Stored items:
•••
(* Let $(N_1(t))_{t\ge 0}$ be a standard Poisson process with rate $1$, let $\lambda:[0,\infty)\to(0,\infty)$ be locally integrable, $\Lambda(t)=\int_0^t\lambda(\tau)\,d\tau$ with $\Lambda(t)\to\infty$ as $t\to\infty$. Let $\alpha\in(0,1)$, let $L_\alpha$ be an $\alpha$-stable subordinator ($\mathbb{E}[e^{-uL_\alpha(t)}]=e^{-tu^\alpha}$), $Y_\alpha(t)=\inf\{u\ge0:L_\alpha(u)>t\}$, independent of $N_1$, and $N_\alpha(t)=N_1(\Lambda(Y_\alpha(t)))$. Suppose $\Lambda$ is regularly varying with index $\beta\in\mathbb{R}$, i.e. $\Lambda(xt)/\Lambda(t)\to x^\beta$ as $t\to\infty$ for every $x>0$. Then $$\frac{N_\alpha(t)}{\Lambda(t^\alpha)}\xrightarrow[t\to\infty]{d}(Y_\alpha(1))^\beta.$$ *)

theory Defs
  imports "HOL-Probability.Probability"
begin

definition std_poisson_process :: "'a measure \<Rightarrow> (real \<Rightarrow> 'a \<Rightarrow> nat) \<Rightarrow> bool" where
  "std_poisson_process M N \<longleftrightarrow>
     (\<forall>t\<ge>0. N t \<in> measurable M (count_space UNIV)) \<and>
     (\<forall>\<omega>\<in>space M. N 0 \<omega> = 0) \<and>
     (\<forall>\<omega>\<in>space M. mono_on {0..} (\<lambda>t. N t \<omega>)) \<and>
     (\<forall>\<omega>\<in>space M. \<forall>t\<ge>0. eventually (\<lambda>s. N s \<omega> = N t \<omega>) (at_right t)) \<and>
     (\<forall>(n::nat) (ts::nat \<Rightarrow> real). 0 \<le> ts 0 \<and> strict_mono ts \<longrightarrow>
        prob_space.indep_vars M (\<lambda>_. count_space UNIV)
          (\<lambda>i \<omega>. N (ts (Suc i)) \<omega> - N (ts i) \<omega>) {..<n}) \<and>
     (\<forall>s t k. 0 \<le> s \<and> s \<le> t \<longrightarrow>
        measure M {\<omega>\<in>space M. N t \<omega> - N s \<omega> = k} = exp (-(t - s)) * (t - s) ^ k / fact k)"

definition stable_subordinator :: "'a measure \<Rightarrow> real \<Rightarrow> (real \<Rightarrow> 'a \<Rightarrow> real) \<Rightarrow> bool" where
  "stable_subordinator M \<alpha> L \<longleftrightarrow>
     (\<forall>t\<ge>0. L t \<in> borel_measurable M) \<and>
     (\<forall>\<omega>\<in>space M. L 0 \<omega> = 0) \<and>
     (\<forall>\<omega>\<in>space M. mono_on {0..} (\<lambda>t. L t \<omega>)) \<and>
     (\<forall>\<omega>\<in>space M. \<forall>t\<ge>0. continuous (at_right t) (\<lambda>s. L s \<omega>)) \<and>
     (\<forall>(n::nat) (ts::nat \<Rightarrow> real). 0 \<le> ts 0 \<and> strict_mono ts \<longrightarrow>
        prob_space.indep_vars M (\<lambda>_. borel)
          (\<lambda>i \<omega>. L (ts (Suc i)) \<omega> - L (ts i) \<omega>) {..<n}) \<and>
     (\<forall>s t. 0 \<le> s \<and> s \<le> t \<longrightarrow>
        distr M borel (\<lambda>\<omega>. L t \<omega> - L s \<omega>) = distr M borel (L (t - s))) \<and>
     (\<forall>t u. 0 \<le> t \<and> 0 \<le> u \<longrightarrow>
        (\<integral>\<omega>. exp (- u * L t \<omega>) \<partial>M) = exp (- t * u powr \<alpha>))"

definition conv_distr_at_top :: "'a measure \<Rightarrow> (real \<Rightarrow> 'a \<Rightarrow> real) \<Rightarrow> ('a \<Rightarrow> real) \<Rightarrow> bool" where
  "conv_distr_at_top M X Y \<longleftrightarrow>
     (\<forall>f::real \<Rightarrow> real. continuous_on UNIV f \<and> bounded (range f) \<longrightarrow>
        ((\<lambda>t. \<integral>\<omega>. f (X t \<omega>) \<partial>M) \<longlongrightarrow> (\<integral>\<omega>. f (Y \<omega>) \<partial>M)) at_top)"

end

theory Submission
  imports Defs
begin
•••
> **Task description**: All lines from the one that holds "(\<forall>t\<ge>0. L t" through the end of the records are to be returned exactly, including both boundary lines, and no others.

> **Your response**:
     (\<forall>t\<ge>0. L t \<in> borel_measurable M) \<and>
     (\<forall>\<omega>\<in>space M. L 0 \<omega> = 0) \<and>
     (\<forall>\<omega>\<in>space M. mono_on {0..} (\<lambda>t. L t \<omega>)) \<and>
     (\<forall>\<omega>\<in>space M. \<forall>t\<ge>0. continuous (at_right t) (\<lambda>s. L s \<omega>)) \<and>
     (\<forall>(n::nat) (ts::nat \<Rightarrow> real). 0 \<le> ts 0 \<and> strict_mono ts \<longrightarrow>
        prob_space.indep_vars M (\<lambda>_. borel)
          (\<lambda>i \<omega>. L (ts (Suc i)) \<omega> - L (ts i) \<omega>) {..<n}) \<and>
     (\<forall>s t. 0 \<le> s \<and> s \<le> t \<longrightarrow>
        distr M borel (\<lambda>\<omega>. L t \<omega> - L s \<omega>) = distr M borel (L (t - s))) \<and>
     (\<forall>t u. 0 \<le> t \<and> 0 \<le> u \<longrightarrow>
        (\<integral>\<omega>. exp (- u * L t \<omega>) \<partial>M) = exp (- t * u powr \<alpha>))"

definition conv_distr_at_top :: "'a measure \<Rightarrow> (real \<Rightarrow> 'a \<Rightarrow> real) \<Rightarrow> ('a \<Rightarrow> real) \<Rightarrow> bool" where
  "conv_distr_at_top M X Y \<longleftrightarrow>
     (\<forall>f::real \<Rightarrow> real. continuous_on UNIV f \<and> bounded (range f) \<longrightarrow>
        ((\<lambda>t. \<integral>\<omega>. f (X t \<omega>) \<partial>M) \<longlongrightarrow> (\<integral>\<omega>. f (Y \<omega>) \<partial>M)) at_top)"

end

theory Submission
  imports Defs
begin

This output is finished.